"Address already in use" should optionally be fatal
I would like an option so that if the server encounters "address already in use", it is fatal, and the server exits.
Currently, it appears that on the default setting of "listen on all interfaces", an address already in use is silently ignored. If interfaces are explicitly listed in the options section then it is noted when one of them is in use:
Jul 24 13:14:13 a0 named[10713]: listening on IPv4 interface eth0:0, 85.119.82.237#53
Jul 24 13:14:13 a0 named[10713]: binding TCP socket: address in use
…but this is not fatal.
I have just spent 2 days debugging a problem for a customer where their bind9 server would not allow an AXFR, saying it was NOTAUTH, despite the fact that every DNS diagnostic tool at my disposal said that it was in fact authoritative and the logs from named showed that it was loading the zone fine.
I eventually discovered that there was a lingering named process from 24 hours earlier which the customer had somehow started from outside of systemd. The new copy of named was started by systemd and as it silently ignored the inability to bind to TCP/53, systemd believed that everything was okay and there was absolutely no logging of the bind failure, even at debug level.
All TCP/53 traffic was answered and responded to by the old rogue copy of named which at its time of starting was not configured to serve the zone, hence NOTAUTH.

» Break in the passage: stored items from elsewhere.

lemma measurable_nn_integral_P:
  assumes [measurable]: "h \<in> borel_measurable (S \<Otimes>\<^sub>M S \<Otimes>\<^sub>M S)"
  shows "(\<lambda>x. \<integral>\<^sup>+ yz. h (x, fst yz, snd yz) \<partial>P x) \<in> borel_measurable S"
  using measurable_P_subprob
  by (intro nn_integral_measurable_subprob_algebra2[where N="S \<Otimes>\<^sub>M S"]) measurable

lemma measurable_Qnn[measurable]:
  assumes [measurable]: "h \<in> borel_measurable S" shows "Qnn h \<in> borel_measurable S"
proof -
  note [measurable] = measurable_P_subprob
  have "(\<lambda>x. \<integral>\<^sup>+ yz. h (fst yz) \<partial>P x) \<in> borel_measurable S"
    by (rule nn_integral_measurable_subprob_algebra2[where N="S \<Otimes>\<^sub>M S"]) measurable
  moreover have "(\<lambda>x. \<integral>\<^sup>+ yz. h (snd yz) \<partial>P x) \<in> borel_measurable S"
    by (rule nn_integral_measurable_subprob_algebra2[where N="S \<Otimes>\<^sub>M S"]) measurable
  ultimately have "(\<lambda>x. ((\<integral>\<^sup>+ yz. h (fst yz) \<partial>P x) + (\<integral>\<^sup>+ yz. h (snd yz) \<partial>P x)) / 2) \<in> borel_measurable S"
    by measurable
  then show ?thesis
    by (rule measurable_cong[THEN iffD1, rotated]) (simp add: Qnn_def nn_integral_Qk)
qed

lemma measurable_Qnn_funpow[measurable]: "h \<in> borel_measurable S \<Longrightarrow> (Qnn ^^ m) h \<in> borel_measurable S"
  by (induct m) auto

lemma nn_integral_P_children:
  assumes x: "x \<in> space S" and h[measurable]: "h \<in> borel_measurable S"
  shows "(\<integral>\<^sup>+ yz. h (fst yz) + h (snd yz) \<partial>P x) = 2 * Qnn h x"
proof -
  note [measurable] = measurable_fst_snd_P[OF x]
  have "(\<integral>\<^sup>+ yz. h (fst yz) + h (snd yz) \<partial>P x) = (\<integral>\<^sup>+ yz. h (fst yz) \<partial>P x) + (\<integral>\<^sup>+ yz. h (snd yz) \<partial>P x)"
    by (rule nn_integral_add) auto
  also have "\<dots> = 2 * Qnn h x"
    unfolding Qnn_def nn_integral_Qk[OF x h] ennreal_times_divide
    using mult_divide_eq_ennreal[of 2 "(\<integral>\<^sup>+ yz. h (fst yz) \<partial>P x) + (\<integral>\<^sup>+ yz. h (snd yz) \<partial>P x)"]
    by (simp add: mult.commute)
  finally show ?thesis .
qed

lemma Qop_eq_Pop2:
  fixes G :: "'s \<Rightarrow> real"
  assumes x: "x \<in> space S" and G[measurable]: "G \<in> borel_measurable S"
    and int_fst: "integrable (P x) (\<lambda>yz. G (fst yz))" and int_snd: "integrable (P x) (\<lambda>yz. G (snd yz))"
  shows "integrable (Qk S P x) G"
    and "Qop S P G x = (Pop2 P (\<lambda>yz. G (fst yz)) x + Pop2 P (\<lambda>yz. G (snd yz)) x) / 2"
proof -
  note [measurable] = measurable_fst_snd_P[OF x]
  have fin_abs: "(\<integral>\<^sup>+ yz. ennreal (norm (G (fst yz))) \<partial>P x) < \<infinity>"
    "(\<integral>\<^sup>+ yz. ennreal (norm (G (snd yz))) \<partial>P x) < \<infinity>"
    using int_fst int_snd by (auto simp: integrable_iff_bounded)
  have "(\<integral>\<^sup>+ y. ennreal (norm (G y)) \<partial>Qk S P x) < \<infinity>"
    using fin_abs by (subst nn_integral_Qk[OF x]) (auto simp: ennreal_divide_eq_top_iff less_top[symmetric])
  then show int_Q: "integrable (Qk S P x) G"
    by (auto simp: integrable_iff_bounded)
  have le_abs: "(\<integral>\<^sup>+ yz. ennreal (\<phi> yz) \<partial>N) \<le> (\<integral>\<^sup>+ yz. ennreal \<bar>\<phi> yz\<bar> \<partial>N)"
    "(\<integral>\<^sup>+ yz. ennreal (- \<phi> yz) \<partial>N) \<le> (\<integral>\<^sup>+ yz. ennreal \<bar>\<phi> yz\<bar> \<partial>N)" for \<phi> :: "'s \<times> 's \<Rightarrow> real" and N
    by (intro nn_integral_mono ennreal_leI; simp)+
  have fin: "(\<integral>\<^sup>+ yz. ennreal (G (fst yz)) \<partial>P x) < \<infinity>" "(\<integral>\<^sup>+ yz. ennreal (G (snd yz)) \<partial>P x) < \<infinity>"
    "(\<integral>\<^sup>+ yz. ennreal (- G (fst yz)) \<partial>P x) < \<infinity>" "(\<integral>\<^sup>+ yz. ennreal (- G (snd yz)) \<partial>P x) < \<infinity>"
    using fin_abs le_less_trans[OF le_abs(1)] le_less_trans[OF le_abs(2)] by auto
  have enn2real_half: "enn2real ((a + b) / 2) = (enn2real a + enn2real b) / 2"
    if "a < \<infinity>" "b < \<infinity>" for a b :: ennreal
    using that by (cases a rule: ennreal_cases; cases b rule: ennreal_cases)
       (auto simp: ennreal_divide_numeral ennreal_plus[symmetric] simp del: ennreal_plus)
  have "Qop S P G x = enn2real (\<integral>\<^sup>+ y. ennreal (G y) \<partial>Qk S P x) - enn2real (\<integral>\<^sup>+ y. ennreal (- G y) \<partial>Qk S P x)"
    unfolding Qop_def by (rule real_lebesgue_integral_def[OF int_Q])
  also have "\<dots> = (enn2real (\<integral>\<^sup>+ yz. ennreal (G (fst yz)) \<partial>P x) - enn2real (\<integral>\<^sup>+ yz. ennreal (- G (fst yz)) \<partial>P x)
      + (enn2real (\<integral>\<^sup>+ yz. ennreal (G (snd yz)) \<partial>P x) - enn2real (\<integral>\<^sup>+ yz. ennreal (- G (snd yz)) \<partial>P x))) / 2"
    using fin by (simp add: nn_integral_Qk[OF x] enn2real_half diff_divide_distrib add_divide_distrib)
  also have "\<dots> = (Pop2 P (\<lambda>yz. G (fst yz)) x + Pop2 P (\<lambda>yz. G (snd yz)) x) / 2"
    unfolding Pop2_def real_lebesgue_integral_def[OF int_fst] real_lebesgue_integral_def[OF int_snd] ..
  finally show "Qop S P G x = (Pop2 P (\<lambda>yz. G (fst yz)) x + Pop2 P (\<lambda>yz. G (snd yz)) x) / 2" .
qed

lemma Qop_cong: "(\<And>y. y \<in> space S \<Longrightarrow> H y = H' y) \<Longrightarrow> Qop S P H x = Qop S P H' x"
  unfolding Qop_def by (intro Bochner_Integration.integral_cong) auto

lemma Qop_nonneg: "(\<And>y. y \<in> space S \<Longrightarrow> 0 \<le> H y) \<Longrightarrow> 0 \<le> Qop S P H x"
  unfolding Qop_def by (intro integral_nonneg_AE) auto

lemma Qnn_funpow_mono:
  "(\<And>y. y \<in> space S \<Longrightarrow> H y \<le> H' y) \<Longrightarrow> x \<in> space S \<Longrightarrow> (Qnn ^^ m) H x \<le> (Qnn ^^ m) H' x"
proof (induct m arbitrary: x)
  case (Suc m) then show ?case by (auto simp: Qnn_def intro!: nn_integral_mono)
qed simp

lemma Qop_enn2real_Qnn:
  assumes [measurable]: "h \<in> borel_measurable S" and fin: "\<And>y. y \<in> space S \<Longrightarrow> h y < \<top>"
    and x: "x \<in> space S" and Qfin: "Qnn h x < \<top>"
  shows "integrable (Qk S P x) (\<lambda>y. enn2real (h y))"
    and "Qop S P (\<lambda>y. enn2real (h y)) x = enn2real (Qnn h x)"
proof -
  have e: "(\<integral>\<^sup>+ y. ennreal (enn2real (h y)) \<partial>Qk S P x) = Qnn h x"
    unfolding Qnn_def using fin by (intro nn_integral_cong) (simp add: less_top)
  show "integrable (Qk S P x) (\<lambda>y. enn2real (h y))"
    by (rule integrableI_bounded) (use e Qfin in auto)
  show "Qop S P (\<lambda>y. enn2real (h y)) x = enn2real (Qnn h x)"
    unfolding Qop_def by (subst integral_eq_nn_integral) (auto simp: e)
qed

end

locale bmc_process = binary_kernel S P for S :: "'s measure" and P +
  fixes M :: "'w measure" and \<nu> :: "'s measure" and X :: "bool list \<Rightarrow> 'w \<Rightarrow> 's"
  assumes bmc: "BMC M S \<nu> P X"
begin

lemma prob_space_M: "prob_space M" using bmc by (simp add: BMC_def)

lemma measurable_X[measurable]: "X i \<in> M \<rightarrow>\<^sub>M S" using bmc by (simp add: BMC_def)

lemma X_in_space: "\<omega> \<in> space M \<Longrightarrow> X i \<omega> \<in> space S"
  using measurable_space[OF measurable_X] .

definition hist_gen :: "nat \<Rightarrow> 'w set set" where
  "hist_gen k = (\<Union>j\<in>Tn k. {X j -` A \<inter> space M | A. A \<in> sets S})"

lemma hist_gen_subset: "hist_gen k \<subseteq> Pow (space M)" by (auto simp: hist_gen_def)

lemma sets_hist: "sets (hist M S X k) = sigma_sets (space M) (hist_gen k)"
  unfolding hist_def hist_gen_def[symmetric] using hist_gen_subset by (rule sets_measure_of)

lemma space_hist[simp]: "space (hist M S X k) = space M"
  unfolding hist_def hist_gen_def[symmetric] using hist_gen_subset by (rule space_measure_of)

lemma sets_hist_subset: "sets (hist M S X k) \<subseteq> sets M"
  unfolding sets_hist
  by (rule sets.sigma_sets_subset) (auto simp: hist_gen_def dest: measurable_sets[OF measurable_X])

lemma sigma_finite_subalgebra_hist: "sigma_finite_subalgebra M (hist M S X k)"
proof -
  interpret prob_space M by (rule prob_space_M)
  have "finite_measure_subalgebra M (hist M S X k)"
    by unfold_locales (use sets_hist_subset in \<open>simp add: subalgebra_def\<close>)
  then show ?thesis by (rule finite_measure_subalgebra_is_sigma_finite)
qed

lemma hist_mono: "k \<le> k' \<Longrightarrow> sets (hist M S X k) \<subseteq> sets (hist M S X k')"
  unfolding sets_hist
  by (rule sigma_sets_mono') (auto simp: hist_gen_def Tn_def intro!: exI[where x="_::bool list"] le_trans)

lemma vimage_X_in_hist: "length j \<le> k \<Longrightarrow> A \<in> sets S \<Longrightarrow> X j -` A \<inter> space M \<in> sets (hist M S X k)"
  unfolding sets_hist by (rule sigma_sets.Basic) (auto simp: hist_gen_def Tn_def)

lemma sets_vimage_X_subset_hist: "sets (vimage_algebra (space M) (X i) S) \<subseteq> sets (hist M S X (length i))"
  using vimage_X_in_hist[of i "length i"] X_in_space by (auto simp: sets_vimage_algebra2 Pi_iff)

lemma Pop3_bounds:
  assumes x: "x \<in> space S" and g[measurable]: "g \<in> borel_measurable (S \<Otimes>\<^sub>M S \<Otimes>\<^sub>M S)"
    and g_bounds: "\<And>t. 0 \<le> g t" "\<And>t. g t \<le> B"
  shows "(\<integral>\<^sup>+ yz. ennreal (g (x, fst yz, snd yz)) \<partial>P x) = ennreal (Pop3 P g x)"
    and "0 \<le> Pop3 P g x" and "Pop3 P g x \<le> B"
proof -
  interpret prob_space "P x" using prob_space_P[OF x] .
  note [measurable] = measurable_fst_snd_P[OF x]
  have "(\<lambda>yz. g (x, fst yz, snd yz)) \<in> borel_measurable (P x)"
    using x by measurable
  then have int: "integrable (P x) (\<lambda>yz. g (x, fst yz, snd yz))"
    by (rule integrable_const_bound[where B=B, rotated]) (use g_bounds in auto)
  then show "(\<integral>\<^sup>+ yz. ennreal (g (x, fst yz, snd yz)) \<partial>P x) = ennreal (Pop3 P g x)"
    unfolding Pop3_def using g_bounds by (intro nn_integral_eq_integral) auto
  show "0 \<le> Pop3 P g x"
    unfolding Pop3_def using g_bounds by (intro integral_nonneg_AE) auto
  have "Pop3 P g x \<le> (\<integral> yz. B \<partial>P x)"
    unfolding Pop3_def using int g_bounds by (intro integral_mono) auto
  then show "Pop3 P g x \<le> B" by (simp add: prob_space)
qed

text \<open>The defining property of a BMC, with all factors but one equal to 1.\<close>

lemma real_cond_exp_hist_children:
  assumes i: "length i = k" and g[measurable]: "g \<in> borel_measurable (S \<Otimes>\<^sub>M S \<Otimes>\<^sub>M S)"
    and g_bound: "\<And>t. \<bar>g t\<bar> \<le> B"
  shows "AE \<omega> in M. real_cond_exp M (hist M S X k)
      (\<lambda>\<omega>. g (X i \<omega>, X (i@[False]) \<omega>, X (i@[True]) \<omega>)) \<omega> = Pop3 P g (X i \<omega>)"
proof -
  define G where "G j t = (if j = i then g t else 1)" for j t
  have G_cases: "G i = g" "\<And>j. j \<noteq> i \<Longrightarrow> G j = (\<lambda>_. 1)" by (auto simp: G_def)
  have i_Gen: "i \<in> Gen k" using i by (simp add: Gen_def)
  have [measurable]: "G j \<in> borel_measurable (S \<Otimes>\<^sub>M S \<Otimes>\<^sub>M S)" for j
    unfolding G_def by measurable
  have "\<forall>j\<in>Gen k. G j \<in> borel_measurable (S \<Otimes>\<^sub>M S \<Otimes>\<^sub>M S) \<and> (\<exists>B. \<forall>t. \<bar>G j t\<bar> \<le> B)"
    using g_bound by (auto simp: G_def le_max_iff_disj intro!: exI[where x="max B 1"])
  then have "AE \<omega> in M. real_cond_exp M (hist M S X k)
             (\<lambda>\<omega>. \<Prod>j\<in>Gen k. G j (X j \<omega>, X (j @ [False]) \<omega>, X (j @ [True]) \<omega>)) \<omega>
           = (\<Prod>j\<in>Gen k. Pop3 P (G j) (X j \<omega>))"
    using bmc unfolding BMC_def by blast
  moreover have "(\<lambda>\<omega>. \<Prod>j\<in>Gen k. G j (X j \<omega>, X (j @ [False]) \<omega>, X (j @ [True]) \<omega>))
      = (\<lambda>\<omega>. g (X i \<omega>, X (i@[False]) \<omega>, X (i@[True]) \<omega>))"
    using i_Gen by (auto simp: G_def if_distrib cong: if_cong)
  moreover have "(\<Prod>j\<in>Gen k. Pop3 P (G j) (X j \<omega>)) = Pop3 P g (X i \<omega>)" if "\<omega> \<in> space M" for \<omega>
  proof -
    have "Pop3 P (\<lambda>_. 1) (X j \<omega>) = 1" for j
      using prob_space.prob_space[OF prob_space_P[OF X_in_space[OF that]]] by (simp add: Pop3_def)
    then have "(\<Prod>j\<in>Gen k. Pop3 P (G j) (X j \<omega>)) = (\<Prod>j\<in>Gen k. if j = i then Pop3 P g (X i \<omega>) else 1)"
      by (intro prod.cong) (auto simp: G_cases)
    then show ?thesis using i_Gen by simp
  qed
  ultimately show ?thesis by auto
qed
text \<open>Lift the dynamics to the graph whose nodes are the pairs (v, w) with w the net voltage of a
  walk from v to the root r. The coordinates transpose w *v x_v evolve by scalar consensus along the
  lifted arcs, and the lifted node set is closed under these arcs precisely because G_r = G_r^*:
  a semi-walk followed by a walk to r can be rerouted into a walk to r. Every lifted node reaches
  (r, 1), so scalar consensus converges exponentially: upper and lower bounds persist, and a
  deficit at the root spreads to every node within a bounded time, shrinking the range by a fixed
  factor. Rotating back, x_v converges to w *v z for a vector z; this limit does not depend on
  the walk w, so it is compatible with every edge voltage and fixed by every local group.\<close>

section \<open>Differential inequalities and exponential bounds\<close>

lemma DERIV_halfline_nonneg_imp_le:
  fixes h h' :: "real \<Rightarrow> real"
  assumes deriv: "\<And>t. t \<ge> 0 \<Longrightarrow> (h has_real_derivative h' t) (at t within {0..})"
    and nonneg: "\<And>t. t0 \<le> t \<Longrightarrow> t \<le> t1 \<Longrightarrow> h' t \<ge> 0"
    and "0 \<le> t0" "t0 \<le> t1"
  shows "h t0 \<le> h t1"
proof (rule DERIV_nonneg_imp_increasing_open[OF \<open>t0 \<le> t1\<close>])
  fix x assume "t0 < x" "x < t1"
  moreover have "at x within {0..} = at x" if "x > 0"
    by (rule at_within_interior) (use that in simp)
  ultimately show "\<exists>y. DERIV h x :> y \<and> y \<ge> 0"
    using deriv[of x] nonneg[of x] \<open>0 \<le> t0\<close> by auto
next
  have "continuous_on {0..} h"
    unfolding continuous_on_eq_continuous_within using deriv DERIV_continuous by (metis atLeast_iff)
  then show "continuous_on {t0..t1} h"
    by (rule continuous_on_subset) (use \<open>0 \<le> t0\<close> in auto)
qed
lemma
  assumes "\<And>x. vline \<beta> x \<noteq> w"
  shows smooth_cauchy_kernel_vline: "smooth (\<lambda>x. cauchy_kernel w j (vline \<beta> x))"
    and nderiv_cauchy_kernel_vline: "nderiv k (\<lambda>x. cauchy_kernel w j (vline \<beta> x)) =
          (\<lambda>x. (-\<i>)^k * cauchy_kernel w (j + k) (vline \<beta> x))"
proof -
  have "(cauchy_kernel w (j + k) has_field_derivative cauchy_kernel w (j + Suc k) z) (at z)"
    if "z \<in> -{w}" for k z
    using cauchy_kernel_has_field_derivative[of z w "j + k"] that by simp
  from smooth_comp_vline[of \<beta> "-{w}" "\<lambda>k. cauchy_kernel w (j + k)", OF _ this]
    nderiv_comp_vline[of \<beta> "-{w}" "\<lambda>k. cauchy_kernel w (j + k)", OF _ this] assms
  show "smooth (\<lambda>x. cauchy_kernel w j (vline \<beta> x))"
    and "nderiv k (\<lambda>x. cauchy_kernel w j (vline \<beta> x)) =
          (\<lambda>x. (-\<i>)^k * cauchy_kernel w (j + k) (vline \<beta> x))"
    by auto
qed

lemma cauchy_kernel_powser_sums:
  assumes "norm z < norm w"
  shows "(\<lambda>n. (1 / w^(Suc n)) * z^n) sums cauchy_kernel w 0 z"
proof -
  have w0: "w \<noteq> 0" using assms by auto
  have "norm (z / w) < 1" using assms w0 by (simp add: norm_divide)
  then have "(\<lambda>n. (1/w) * (z/w)^n) sums ((1/w) * (1 / (1 - z/w)))"
    by (intro sums_mult geometric_sums)
  moreover have "(1/w) * (1 / (1 - z/w)) = cauchy_kernel w 0 z"
    using w0 assms by (auto simp: cauchy_kernel_def field_simps)
  ultimately show ?thesis by (simp add: power_divide)
qed

lemma cs_distribution_cauchy_kernel_moments:
  assumes T: "cs_distribution T" and B: "seminorm_bound T C K m"
    and R: "\<And>x. x \<in> {-K..K} \<Longrightarrow> norm (vline \<beta> x) \<le> R" and Rw: "R < norm w"
    and nw: "\<And>x. vline \<beta> x \<noteq> w"
  shows "(\<lambda>n. (1 / w^(Suc n)) * moment T \<beta> n) sums T (\<lambda>x. cauchy_kernel w 0 (vline \<beta> x))"
proof (rule cs_distribution_powser_moments[OF T B smooth_cauchy_kernel_vline[OF nw] R Rw])
  show "summable (\<lambda>n. 1 / w ^ Suc n * z ^ n)" if "norm z < norm w" for z
    using cauchy_kernel_powser_sums[OF that] by (rule sums_summable)
  fix k x assume "x \<in> {-K..K}"
  have "cauchy_kernel w k (vline \<beta> x) = (\<Sum>n. (diffs^^k) (\<lambda>n. 1 / w^(Suc n)) n * (vline \<beta> x)^n)"
  proof (rule higher_deriv_eq_powser[of "norm w"])
    show "summable (\<lambda>n. 1 / w ^ Suc n * z ^ n)" if "norm z < norm w" for z
      using cauchy_kernel_powser_sums[OF that] by (rule sums_summable)
    show "(cauchy_kernel w k has_field_derivative cauchy_kernel w (Suc k) z) (at z)"
      if "norm z < norm w" for k z
      by (rule cauchy_kernel_has_field_derivative) (use that in auto)
    show "cauchy_kernel w 0 z = (\<Sum>n. 1 / w ^ Suc n * z ^ n)" if "norm z < norm w" for z
      using cauchy_kernel_powser_sums[OF that] by (simp add: sums_iff)
    show "norm (vline \<beta> x) < norm w" using R[OF \<open>x \<in> {-K..K}\<close>] Rw by simp
  qed
  then show "nderiv k (\<lambda>x. cauchy_kernel w 0 (vline \<beta> x)) x =
      (-\<i>)^k * (\<Sum>n. (diffs^^k) (\<lambda>n. 1 / w^(Suc n)) n * (vline \<beta> x)^n)"
    by (simp add: nderiv_cauchy_kernel_vline[OF nw])
qed

section \<open>The Cauchy transform\<close>

definition cauchy_transform :: "((real \<Rightarrow> complex) \<Rightarrow> complex) \<Rightarrow> complex \<Rightarrow> complex" where
  "cauchy_transform T w = T (\<lambda>x. cauchy_kernel w 0 (vline 0 x))"

lemma vline_0_neq: "Re w \<noteq> 0 \<Longrightarrow> vline 0 x \<noteq> w"
  by auto

lemma abs_Re_gt_if_mem_ball: "y \<in> ball w0 (\<bar>Re w0\<bar> / 2) \<Longrightarrow> \<bar>Re w0\<bar> / 2 < \<bar>Re y\<bar>"
  using abs_Re_le_cmod[of "y - w0"] by (simp add: dist_norm norm_minus_commute)

lemma abs_Re_le_norm_diff_vline_0: "\<bar>Re w\<bar> \<le> norm (w - vline 0 x)"
  using abs_Re_le_cmod[of "w - vline 0 x"] by simp

lemma norm_cauchy_kernel_le:
  assumes "\<rho> > 0" "norm (w - z) \<ge> \<rho>"
  shows "norm (cauchy_kernel w k z) \<le> fact k / \<rho>^(Suc k)"
proof -
  have "\<rho>^(Suc k) \<le> norm (w - z)^(Suc k)" by (rule power_mono) (use assms in auto)
  moreover have "norm (cauchy_kernel w k z) = fact k / norm (w - z)^(Suc k)"
    by (simp add: cauchy_kernel_def norm_mult norm_inverse norm_power divide_inverse)
  moreover have "0 < norm (w - z)" using assms by linarith
  ultimately show ?thesis
    using assms by (auto intro!: divide_left_mono mult_pos_pos)
qed

lemma cauchy_transform_bound:
  assumes B: "seminorm_bound T C K m" and w: "Re w \<noteq> 0" and \<rho>: "\<rho> > 0"
    and dist: "\<And>x. x \<in> {-K..K} \<Longrightarrow> norm (w - vline 0 x) \<ge> \<rho>"
  shows "norm (cauchy_transform T w) \<le> C * (\<Sum>k\<le>m. fact k / \<rho>^(Suc k))"
  unfolding cauchy_transform_def
proof (rule seminorm_boundD[OF B smooth_cauchy_kernel_vline[OF vline_0_neq[OF w]]])
  fix k x assume k: "k \<le> m" and x: "x \<in> {-K..K}"
  have "norm (nderiv k (\<lambda>x. cauchy_kernel w 0 (vline 0 x)) x) = norm (cauchy_kernel w k (vline 0 x))"
    unfolding nderiv_cauchy_kernel_vline[OF vline_0_neq[OF w]] by (simp add: norm_mult norm_power)
  also have "\<dots> \<le> fact k / \<rho>^(Suc k)" by (rule norm_cauchy_kernel_le[OF \<rho> dist[OF x]])
  also have "\<dots> \<le> (\<Sum>k\<le>m. fact k / \<rho>^(Suc k))"
    by (rule member_le_sum) (use k \<rho> in auto)
  finally show "norm (nderiv k (\<lambda>x. cauchy_kernel w 0 (vline 0 x)) x) \<le> (\<Sum>k\<le>m. fact k / \<rho>^(Suc k))" .
qed

lemma cauchy_transform_bound_Re:
  assumes "seminorm_bound T C K m" "0 < \<rho>" "\<rho> \<le> \<bar>Re w\<bar>"
  shows "norm (cauchy_transform T w) \<le> C * (\<Sum>k\<le>m. fact k / \<rho>^(Suc k))"
  using assms abs_Re_le_norm_diff_vline_0[of w] order_trans
  by (intro cauchy_transform_bound) auto

lemma cauchy_transform_bound_far:
  assumes B: "seminorm_bound T C K m" and w: "Re w \<noteq> 0" "norm w \<ge> K + 1"
  shows "norm (cauchy_transform T w) \<le> C * (\<Sum>k\<le>m. fact k)"
proof -
  have "norm (w - vline 0 x) \<ge> 1" if "x \<in> {-K..K}" for x
    using norm_vline_le_interval[OF that, of 0] w(2) norm_triangle_ineq2[of w "vline 0 x"] by simp
  from cauchy_transform_bound[OF B w(1) zero_less_one this] show ?thesis by simp
qed

lemma cauchy_transform_tendsto_0:
  assumes B: "seminorm_bound T C K m"
  shows "((\<lambda>x. cauchy_transform T (complex_of_real x)) \<longlongrightarrow> 0) at_top"
proof (rule Lim_null_comparison)
  show "\<forall>\<^sub>F x in at_top. norm (cauchy_transform T (complex_of_real x)) \<le> C * (\<Sum>k\<le>m. fact k / x^(Suc k))"
    using eventually_gt_at_top[of 0]
    by eventually_elim (rule cauchy_transform_bound_Re[OF B], simp_all)
  have "((\<lambda>x::real. fact k / x^(Suc k)) \<longlongrightarrow> 0) at_top" for k
    by (intro tendsto_divide_0[OF tendsto_const] filterlim_at_top_imp_at_infinity
        filterlim_pow_at_top[OF zero_less_Suc filterlim_ident])
  then show "((\<lambda>x. C * (\<Sum>k\<le>m. fact k / x^(Suc k))) \<longlongrightarrow> 0) at_top"
    by (intro tendsto_mult_right_zero tendsto_null_sum)
qed

lemma cauchy_kernel_has_field_derivative_pole:
  assumes "y \<noteq> z"
  shows "((\<lambda>w. cauchy_kernel w k z) has_field_derivative - cauchy_kernel y (Suc k) z) (at y within S)"
proof -
  have yz: "y - z \<noteq> 0" using assms by simp
  have "((\<lambda>w. (w - z)^(Suc k)) has_field_derivative of_nat (Suc k) * (y - z)^k) (at y within S)"
    by (rule derivative_eq_intros refl)+ simp
  from DERIV_cmult[OF DERIV_inverse_fun[OF this power_not_zero[OF yz]], of "fact k"]
  have D: "((\<lambda>w. cauchy_kernel w k z) has_field_derivative
      fact k * - (of_nat (Suc k) * (y - z)^k * inverse (((y - z)^(Suc k))^2))) (at y within S)"
    unfolding cauchy_kernel_def numeral_2_eq_2 .
  have E: "fact k * - (of_nat (Suc k) * u^k * inverse ((u^(Suc k))^2)) =
      - (fact (Suc k) * inverse (u^(Suc (Suc k))))" if "u \<noteq> 0" for u :: complex
  proof -
    have "(u^(Suc k))^2 = u^k * u^(Suc (Suc k))"
      by (simp only: power2_eq_square power_add[symmetric]) simp
    then show ?thesis using that by (simp add: field_simps)
  qed
  show ?thesis using D unfolding E[OF yz] cauchy_kernel_def .
qed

Of course, messages regarding the AXFR failure were logged by the rogue copy of named, but it was hard to notice that they were from a different process as the only clue was the differing process ID, which did not stand out. So yes, I could see that the AXFR was failing because NOTAUTH, but I could not comprehend why named considered itself NOTAUTH given that all the configuration seemed correct.
It is a stroke of luck that the customer did not give up and reboot, because that would of course have "fixed" the situation by clearing out the rogue copy of named.
I feel that this situation was unnecessarily difficult to debug owing to the lack of logging. Ideally it could be possible to complain even in the "listen on all" default case, but if that is not possible then I accept that I learned a new thing which is that my own practice of explicitly listing interfaces to listen on is generally a good idea that I should extend to every customer's config as well.
But even then, that only gets me as far as a warning in the logs, not a refusal to start. Though at least a warning would certainly give enough to work on to find the problem in future.
This behavour was seen with 9.11 on Debian buster.